Papadimitriou uses 3SAT. So we’re given a set of m clauses over p variables, and we need to build a graph and two tours. The graph he builds is made up of a series of widgets. These widgets are designed to force certain edges to be used if the graph is to have a Hamiltonian Cycle. The idea is that he constructs the widgets in a way that we can construct 2 cycles that are non-adjacent if and only if the formula was satisfiable. So for example, here is his “exclusive or” subgraph (p. 316 of the paper):

In this subgraph, a Hamiltonian Cycle needs to go from u to u’ or v to v’ (it can’t do both, it can’t do neither). By constructing ever-more complicated versions of this, he builds a graph. Here’s how it looks for the formula B = (x_{1}, x_{2}, x_{3}) ∧ (x_{1}, x_{2}, ~x_{3}) ∧ (~x_{1}, ~x_{2}, ~x_{3}) (p. 319 of the paper):

The bold lines in the figure above correspond to setting all variables to true. There is also a circuit corresponding to making all variables false. (We assume this satisfies at least one clause because if it didn’t, we have a Satisfiability instance where each clause has at least one positive literal, which is trivially satisfiable). It turns out that *every* edge in this graph belongs to at least one of these two cycles. For these two cycles to not be adjacent in the polytope, there needs to be some other circuit “between” them. This circuit corresponds to a legal way to set all of the variables to make all clauses true. If no such circuit exists (and the formula is not satisfiable), then the 2 tours are adjacent.

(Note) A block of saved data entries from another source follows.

(* $\operatorname{BSR}(5,3)\ge 9$. In particular, the biquadratic form \[P(\mathbf{x},\mathbf{y})=x_1^2y_1^2+x_1^2y_2^2+x_2^2y_1^2+x_2^2y_3^2+x_3^2y_2^2+x_3^2y_3^2+x_4^2y_1^2+x_5^2y_2^2+(x_1y_3+x_4y_2)^2\] on $\mathbb{R}^5\times\mathbb{R}^3$ has SOS rank $9$ (i.e., it cannot be written as a sum of fewer than 9 squares of bilinear forms).
   Context: An $m\times n$ biquadratic form is a polynomial $P(\mathbf{x},\mathbf{y})=\sum_{i,k=1}^m\sum_{j,l=1}^n a_{ijkl}x_ix_ky_jy_l$ with real coefficients, $\mathbf{x}\in\mathbb{R}^m$, $\mathbf{y}\in\mathbb{R}^n$. It is SOS if $P=\sum_{p=1}^r f_p^2$ for some real bilinear forms $f_p(\mathbf{x},\mathbf{y})=\sum_{i,j}c^{(p)}_{ij}x_iy_j$; the least such $r$ is the SOS rank $\operatorname{sos}(P)$. $\operatorname{BSR}(m,n)$ is the maximum of $\operatorname{sos}(P)$ over all $m\times n$ SOS biquadratic forms $P$. *)

theory Defs
  imports Complex_Main "HOL-Library.Extended_Nat"
begin

(* Vectors x in R^m, y in R^n are functions nat => real; only the
   coordinates 0..m-1 (resp. 0..n-1) are used (0-based indexing). *)

definition biquad_eval ::
  "nat \<Rightarrow> nat \<Rightarrow> (nat \<Rightarrow> nat \<Rightarrow> nat \<Rightarrow> nat \<Rightarrow> real) \<Rightarrow> (nat \<Rightarrow> real) \<Rightarrow> (nat \<Rightarrow> real) \<Rightarrow> real" where
  "biquad_eval m n a x y =
     (\<Sum>i<m. \<Sum>k<m. \<Sum>j<n. \<Sum>l<n. a i j k l * x i * x k * y j * y l)"

definition is_biquadratic ::
  "nat \<Rightarrow> nat \<Rightarrow> ((nat \<Rightarrow> real) \<Rightarrow> (nat \<Rightarrow> real) \<Rightarrow> real) \<Rightarrow> bool" where
  "is_biquadratic m n P \<longleftrightarrow> (\<exists>a. \<forall>x y. P x y = biquad_eval m n a x y)"

definition bilin_eval ::
  "nat \<Rightarrow> nat \<Rightarrow> (nat \<Rightarrow> nat \<Rightarrow> real) \<Rightarrow> (nat \<Rightarrow> real) \<Rightarrow> (nat \<Rightarrow> real) \<Rightarrow> real" where
  "bilin_eval m n c x y = (\<Sum>i<m. \<Sum>j<n. c i j * x i * y j)"

definition sos_repr ::
  "nat \<Rightarrow> nat \<Rightarrow> ((nat \<Rightarrow> real) \<Rightarrow> (nat \<Rightarrow> real) \<Rightarrow> real) \<Rightarrow> nat \<Rightarrow> bool" where
  "sos_repr m n P r \<longleftrightarrow>
     (\<exists>cs :: nat \<Rightarrow> nat \<Rightarrow> nat \<Rightarrow> real.
        \<forall>x y. P x y = (\<Sum>p<r. (bilin_eval m n (cs p) x y)^2))"

definition is_sos ::
  "nat \<Rightarrow> nat \<Rightarrow> ((nat \<Rightarrow> real) \<Rightarrow> (nat \<Rightarrow> real) \<Rightarrow> real) \<Rightarrow> bool" where
  "is_sos m n P \<longleftrightarrow> (\<exists>r. sos_repr m n P r)"

definition sos_rank ::
  "nat \<Rightarrow> nat \<Rightarrow> ((nat \<Rightarrow> real) \<Rightarrow> (nat \<Rightarrow> real) \<Rightarrow> real) \<Rightarrow> nat" where
  "sos_rank m n P = (LEAST r. sos_repr m n P r)"

definition BSR :: "nat \<Rightarrow> nat \<Rightarrow> enat" where
  "BSR m n = (SUP P \<in> {P. is_biquadratic m n P \<and> is_sos m n P}. enat (sos_rank m n P))"

end

theory Submission
  imports Defs
begin

(* Write f_p = sum c_p(i,j) x_i y_j and let c_ij be the vector (c_p(i,j))_p in R^r.  Evaluating
   P at (e_i +- e_k, e_j +- e_l) and polarizing yields <c_ij, c_kl> + <c_il, c_kj> for every
   SOS representation.  For the given P this forces c_11 = c_20 = c_32 = c_40 = c_42 = 0 (their
   x_i^2 y_j^2 coefficients vanish) and c_31 = c_02 (both are unit vectors, with inner product 1
   by the cross term x_0 x_3 y_1 y_2), after which the nine vectors c_00, c_01, c_02, c_10, c_12,
   c_21, c_22, c_30, c_41 are orthonormal; hence r >= 9, and the nine squares defining P show
   that 9 is attained. *)

definition unit_vec :: "nat \<Rightarrow> nat \<Rightarrow> real" where
  "unit_vec i t = (if t = i then 1 else 0)"

lemma sum_unit_vec_mult: "i < m \<Longrightarrow> (\<Sum>t<m. unit_vec i t * f t) = f i"
  by (simp add: unit_vec_def if_distrib[where f = "\<lambda>x. x * _"] cong: if_cong)

definition dot :: "nat \<Rightarrow> (nat \<Rightarrow> real) \<Rightarrow> (nat \<Rightarrow> real) \<Rightarrow> real" where
  "dot r u v = (\<Sum>p<r. u p * v p)"

lemma dot_commute: "dot r u v = dot r v u"
  by (simp add: dot_def mult.commute)

lemma dot_self_eq_0_iff: "dot r u u = 0 \<longleftrightarrow> (\<forall>p<r. u p = 0)"
  unfolding dot_def by (subst sum_nonneg_eq_0_iff) auto

lemma dot_diff_self:
  "dot r (\<lambda>p. u p - w p) (\<lambda>p. u p - w p) = dot r u u - 2 * dot r u w + dot r w w"
  by (simp add: dot_def algebra_simps sum.distrib sum_subtractf sum_distrib_left)

lemma dot_self_eq_0_imp_dot_eq_0:
  assumes "dot r u u = 0"
  shows "dot r u w = 0"
  using assms unfolding dot_self_eq_0_iff by (auto simp: dot_def intro!: sum.neutral)

lemma dot_cong_left:
  assumes "dot r u u + dot r w w = 2 * dot r u w"
  shows "dot r u z = dot r w z"
proof -
  have "dot r (\<lambda>p. u p - w p) (\<lambda>p. u p - w p) = 0"
    using assms by (simp add: dot_diff_self)
  then show ?thesis
    unfolding dot_self_eq_0_iff by (auto simp: dot_def intro!: sum.cong)
qed

lemma orthonormal_card_le:
  assumes "finite K"
    and orth: "\<And>a b. a \<in> K \<Longrightarrow> b \<in> K \<Longrightarrow>
      dot r (V a) (V b) = (if a = b then 1 else 0)"
  shows "card K \<le> r"
proof -
  have bessel: "(\<Sum>a\<in>K. (V a q)\<^sup>2) \<le> 1" if "q < r" for q
  proof -
    define s where "s t = (\<Sum>a\<in>K. V a q * V a t)" for t
    have "dot r s s = (\<Sum>a\<in>K. \<Sum>b\<in>K. V a q * V b q * dot r (V a) (V b))"
      by (simp add: s_def dot_def sum_product sum_distrib_left algebra_simps
          sum.swap[of _ "{..<r}"])
    also have "\<dots> = (\<Sum>a\<in>K. (V a q)\<^sup>2)"
      by (simp add: orth power2_eq_square if_distrib[where f = "\<lambda>x. _ * x"] \<open>finite K\<close>
          cong: if_cong)
    finally have s_s: "dot r s s = (\<Sum>a\<in>K. (V a q)\<^sup>2)" .
    have e_s: "dot r (unit_vec q) s = (\<Sum>a\<in>K. (V a q)\<^sup>2)"
      using that by (simp add: dot_def sum_unit_vec_mult s_def power2_eq_square)
    have e_e: "dot r (unit_vec q) (unit_vec q) = 1"
      unfolding dot_def sum_unit_vec_mult[OF that] by (simp add: unit_vec_def)
    have "0 \<le> dot r (\<lambda>p. unit_vec q p - s p) (\<lambda>p. unit_vec q p - s p)"
      by (simp add: dot_def sum_nonneg)
    then show ?thesis
      by (simp add: dot_diff_self s_s e_s e_e)
  qed
  have "real (card K) = (\<Sum>a\<in>K. dot r (V a) (V a))"
    by (simp add: orth)
  also have "\<dots> = (\<Sum>p<r. \<Sum>a\<in>K. (V a p)\<^sup>2)"
    by (simp add: dot_def power2_eq_square sum.swap[of _ K])
  also have "\<dots> \<le> (\<Sum>p<r. 1)"
    by (rule sum_mono) (simp add: bessel)
  finally show ?thesis
    by simp
qed

definition coeff_vec :: "(nat \<Rightarrow> nat \<Rightarrow> nat \<Rightarrow> real) \<Rightarrow> nat \<times> nat \<Rightarrow> nat \<Rightarrow> real" where
  "coeff_vec cs a p = cs p (fst a) (snd a)"

definition unit_comb :: "nat \<Rightarrow> real \<Rightarrow> nat \<Rightarrow> nat \<Rightarrow> real" where
  "unit_comb i s k t = unit_vec i t + s * unit_vec k t"

definition polar ::
  "((nat \<Rightarrow> real) \<Rightarrow> (nat \<Rightarrow> real) \<Rightarrow> real) \<Rightarrow> nat \<Rightarrow> nat \<Rightarrow> nat \<Rightarrow> nat \<Rightarrow> real" where
  "polar P i j k l =
    (P (unit_comb i 1 k) (unit_comb j 1 l) - P (unit_comb i (-1) k) (unit_comb j 1 l)
   - P (unit_comb i 1 k) (unit_comb j (-1) l) + P (unit_comb i (-1) k) (unit_comb j (-1) l)) / 8"

lemma bilin_eval_unit_comb:
  assumes "i < m" "j < n" "k < m" "l < n"
  shows "bilin_eval m n c (unit_comb i s k) (unit_comb j s' l)
    = c i j + s' * c i l + s * c k j + s * s' * c k l"
  using assms
  by (simp add: bilin_eval_def unit_comb_def algebra_simps sum.distrib sum_distrib_left[symmetric]
      sum_unit_vec_mult flip: sum_distrib_right)

lemma sos_repr_polar:
  assumes rep: "\<And>x y. P x y = (\<Sum>p<r. (bilin_eval m n (cs p) x y)^2)"
    and "i < m" "j < n" "k < m" "l < n"
  shows "dot r (coeff_vec cs (i, j)) (coeff_vec cs (k, l))
      + dot r (coeff_vec cs (i, l)) (coeff_vec cs (k, j)) = polar P i j k l"
  unfolding polar_def rep bilin_eval_unit_comb[OF assms(2-5)] dot_def coeff_vec_def
  by (simp add: power2_eq_square algebra_simps sum_divide_distrib
      flip: sum.distrib sum_subtractf)
    (rule sum.cong; simp)

lemma bilin_eval_square:
  "(bilin_eval m n c x y)\<^sup>2 = biquad_eval m n (\<lambda>i j k l. c i j * c k l) x y"
  by (simp add: bilin_eval_def biquad_eval_def power2_eq_square sum_product algebra_simps)

lemma sum_biquad_eval:
  "(\<Sum>p<r. biquad_eval m n (a p) x y) = biquad_eval m n (\<lambda>i j k l. \<Sum>p<r. a p i j k l) x y"
  by (simp add: biquad_eval_def sum_distrib_right sum.swap[of _ "{..<r}"])

lemma sos_repr_is_biquadratic:
  assumes "sos_repr m n P r"
  shows "is_biquadratic m n P"
  using assms unfolding sos_repr_def is_biquadratic_def
  by (auto simp: bilin_eval_square sum_biquad_eval)

lemma sos_rank_eqI:
  assumes "sos_repr m n P N" and "\<And>r. sos_repr m n P r \<Longrightarrow> N \<le> r"
  shows "sos_rank m n P = N"
  unfolding sos_rank_def using assms by (rule Least_equality)

lemma sos_rank_le_BSR:
  assumes "is_biquadratic m n P" and "is_sos m n P"
  shows "enat (sos_rank m n P) \<le> BSR m n"
  unfolding BSR_def using assms by (auto intro: SUP_upper)

definition unit_matrix :: "nat \<Rightarrow> nat \<Rightarrow> nat \<Rightarrow> nat \<Rightarrow> real" where
  "unit_matrix i j a b = unit_vec i a * unit_vec j b"

lemma bilin_eval_unit_matrix: "i < m \<Longrightarrow> j < n \<Longrightarrow>
  bilin_eval m n (unit_matrix i j) x y = x i * y j"
  by (simp add: bilin_eval_def unit_matrix_def mult.assoc sum_unit_vec_mult flip: sum_distrib_left)

lemma bilin_eval_add:
  "bilin_eval m n (\<lambda>a b. c a b + d a b) x y = bilin_eval m n c x y + bilin_eval m n d x y"
  by (simp add: bilin_eval_def algebra_simps sum.distrib)

definition bsr53_form :: "(nat \<Rightarrow> real) \<Rightarrow> (nat \<Rightarrow> real) \<Rightarrow> real" where
  "bsr53_form x y =
      (x 0)^2 * (y 0)^2 + (x 0)^2 * (y 1)^2 + (x 1)^2 * (y 0)^2 + (x 1)^2 * (y 2)^2
    + (x 2)^2 * (y 1)^2 + (x 2)^2 * (y 2)^2 + (x 3)^2 * (y 0)^2 + (x 4)^2 * (y 1)^2
    + (x 0 * y 2 + x 3 * y 1)^2"

definition bsr53_witness :: "nat \<Rightarrow> nat \<Rightarrow> nat \<Rightarrow> real" where
  "bsr53_witness = nth [unit_matrix 0 0, unit_matrix 0 1, unit_matrix 1 0, unit_matrix 1 2,
     unit_matrix 2 1, unit_matrix 2 2, unit_matrix 3 0, unit_matrix 4 1,
     \<lambda>a b. unit_matrix 0 2 a b + unit_matrix 3 1 a b]"

lemma bsr53_form_sos_repr: "sos_repr 5 3 bsr53_form 9"
  unfolding sos_repr_def
proof (intro exI allI)
  fix x y
  show "bsr53_form x y = (\<Sum>p<9. (bilin_eval 5 3 (bsr53_witness p) x y)\<^sup>2)"
    by (simp add: bsr53_form_def bsr53_witness_def bilin_eval_add bilin_eval_unit_matrix
        numeral_eq_Suc algebra_simps)
qed

definition bsr53_pairs :: "(nat \<times> nat) set" where
  "bsr53_pairs = {(0, 0), (0, 1), (0, 2), (1, 0), (1, 2), (2, 1), (2, 2), (3, 0), (4, 1)}"

locale bsr53_gram =
  fixes r :: nat and v :: "nat \<times> nat \<Rightarrow> nat \<Rightarrow> real"
  assumes polar_eq: "\<And>i j k l. i < 5 \<Longrightarrow> j < 3 \<Longrightarrow> k < 5 \<Longrightarrow> l < 3 \<Longrightarrow>
    dot r (v (i, j)) (v (k, l)) + dot r (v (i, l)) (v (k, j)) = polar bsr53_form i j k l"
begin

lemmas polar_simps = polar_def bsr53_form_def unit_comb_def unit_vec_def

(* Keeps 1 :: nat a numeral, so the facts about v (3, 1) below stay usable as rewrite rules. *)
declare One_nat_def [simp del]

lemma dot_vanish:
  assumes "z \<in> {(1, 1), (2, 0), (3, 2), (4, 0), (4, 2)}"
  shows "dot r (v z) w = 0" "dot r w (v z) = 0"
proof -
  have "dot r (v z) (v z) = 0"
    using assms polar_eq[of "fst z" "snd z" "fst z" "snd z"] by (auto simp: polar_simps)
  then show "dot r (v z) w = 0" "dot r w (v z) = 0"
    by (simp_all add: dot_self_eq_0_imp_dot_eq_0 dot_commute[of r w])
qed

lemma dot_31_eq_dot_02:
  "dot r (v (3, 1)) w = dot r (v (0, 2)) w" "dot r w (v (3, 1)) = dot r w (v (0, 2))"
proof -
  have "dot r (v (3, 1)) (v (3, 1)) + dot r (v (0, 2)) (v (0, 2)) = 2 * dot r (v (3, 1)) (v (0, 2))"
    using polar_eq[of 3 1 3 1] polar_eq[of 0 2 0 2] polar_eq[of 3 1 0 2]
    by (simp add: polar_simps dot_vanish)
  from dot_cong_left[OF this]
  show "dot r (v (3, 1)) w = dot r (v (0, 2)) w" "dot r w (v (3, 1)) = dot r w (v (0, 2))"
    by (simp_all add: dot_commute[of r w])
qed

(* Polarization couples <c_00, c_12> with <c_02, c_10>, <c_01, c_22> with <c_02, c_21>, and
   <c_01, c_30> with <c_00, c_31>; replacing c_02 by c_31 (or back) decouples them. *)
lemma dot_02_eq_0: "dot r (v (0, 2)) (v (1, 0)) = 0" "dot r (v (0, 2)) (v (2, 1)) = 0"
  "dot r (v (0, 0)) (v (0, 2)) = 0"
  using polar_eq[of 3 1 1 0] polar_eq[of 3 1 2 1] polar_eq[of 0 0 0 2]
  by (simp_all add: polar_simps dot_vanish dot_31_eq_dot_02 dot_commute[of r "v (0, 2)"])

lemma orthonormal:
  assumes "a \<in> bsr53_pairs" "b \<in> bsr53_pairs"
  shows "dot r (v a) (v b) = (if a = b then 1 else 0)"
  using assms polar_eq[of "fst a" "snd a" "fst b" "snd b"]
  unfolding bsr53_pairs_def insert_iff empty_iff simp_thms
  by (elim disjE) (simp_all add: polar_simps dot_vanish dot_31_eq_dot_02 dot_02_eq_0
      dot_02_eq_0[THEN trans[OF dot_commute]] dot_commute)

end

lemma bsr53_form_sos_repr_ge:
  assumes "sos_repr 5 3 bsr53_form r"
  shows "9 \<le> r"
proof -
  obtain cs where rep: "\<And>x y. bsr53_form x y = (\<Sum>p<r. (bilin_eval 5 3 (cs p) x y)\<^sup>2)"
    using assms unfolding sos_repr_def by blast
  interpret bsr53_gram r "coeff_vec cs"
    using rep by unfold_locales (rule sos_repr_polar)
  have "card bsr53_pairs \<le> r"
    by (rule orthonormal_card_le[where V = "coeff_vec cs"])
      (simp_all add: bsr53_pairs_def orthonormal)
  then show ?thesis
    by (simp add: bsr53_pairs_def)
qed

theorem corollary4p2:
  fixes P :: "(nat \<Rightarrow> real) \<Rightarrow> (nat \<Rightarrow> real) \<Rightarrow> real"
  defines "P \<equiv> (\<lambda>x y.
      (x 0)^2 * (y 0)^2 + (x 0)^2 * (y 1)^2 + (x 1)^2 * (y 0)^2 + (x 1)^2 * (y 2)^2
    + (x 2)^2 * (y 1)^2 + (x 2)^2 * (y 2)^2 + (x 3)^2 * (y 0)^2 + (x 4)^2 * (y 1)^2
    + (x 0 * y 2 + x 3 * y 1)^2)"
  shows "BSR 5 3 \<ge> 9 \<and> is_biquadratic 5 3 P \<and> is_sos 5 3 P \<and> sos_rank 5 3 P = 9"
proof -
  have P_eq: "P = bsr53_form"
    by (simp add: P_def bsr53_form_def fun_eq_iff)
  have rank: "sos_rank 5 3 P = 9"
    unfolding P_eq using bsr53_form_sos_repr bsr53_form_sos_repr_ge by (rule sos_rank_eqI)
  have biquadratic: "is_biquadratic 5 3 P"
    unfolding P_eq using bsr53_form_sos_repr by (rule sos_repr_is_biquadratic)
  have sos: "is_sos 5 3 P"
    unfolding P_eq is_sos_def using bsr53_form_sos_repr ..
  have "BSR 5 3 \<ge> 9"
    using sos_rank_le_BSR[OF biquadratic sos] rank by (simp add: numeral_eq_enat)
  with biquadratic sos rank show ?thesis
    by blast
qed

end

**Difficulty: **9. I can see what he’s doing, but I really have trouble following how he gets there. Part of the difficulty with this problem is that it’s such a weird non-intuitive (to me) definition of “adjacency”. I wonder if there is a better one out there. Another source of difficulty is what I think of as confusion between TSP and HC. The crazy widgets don’t help either.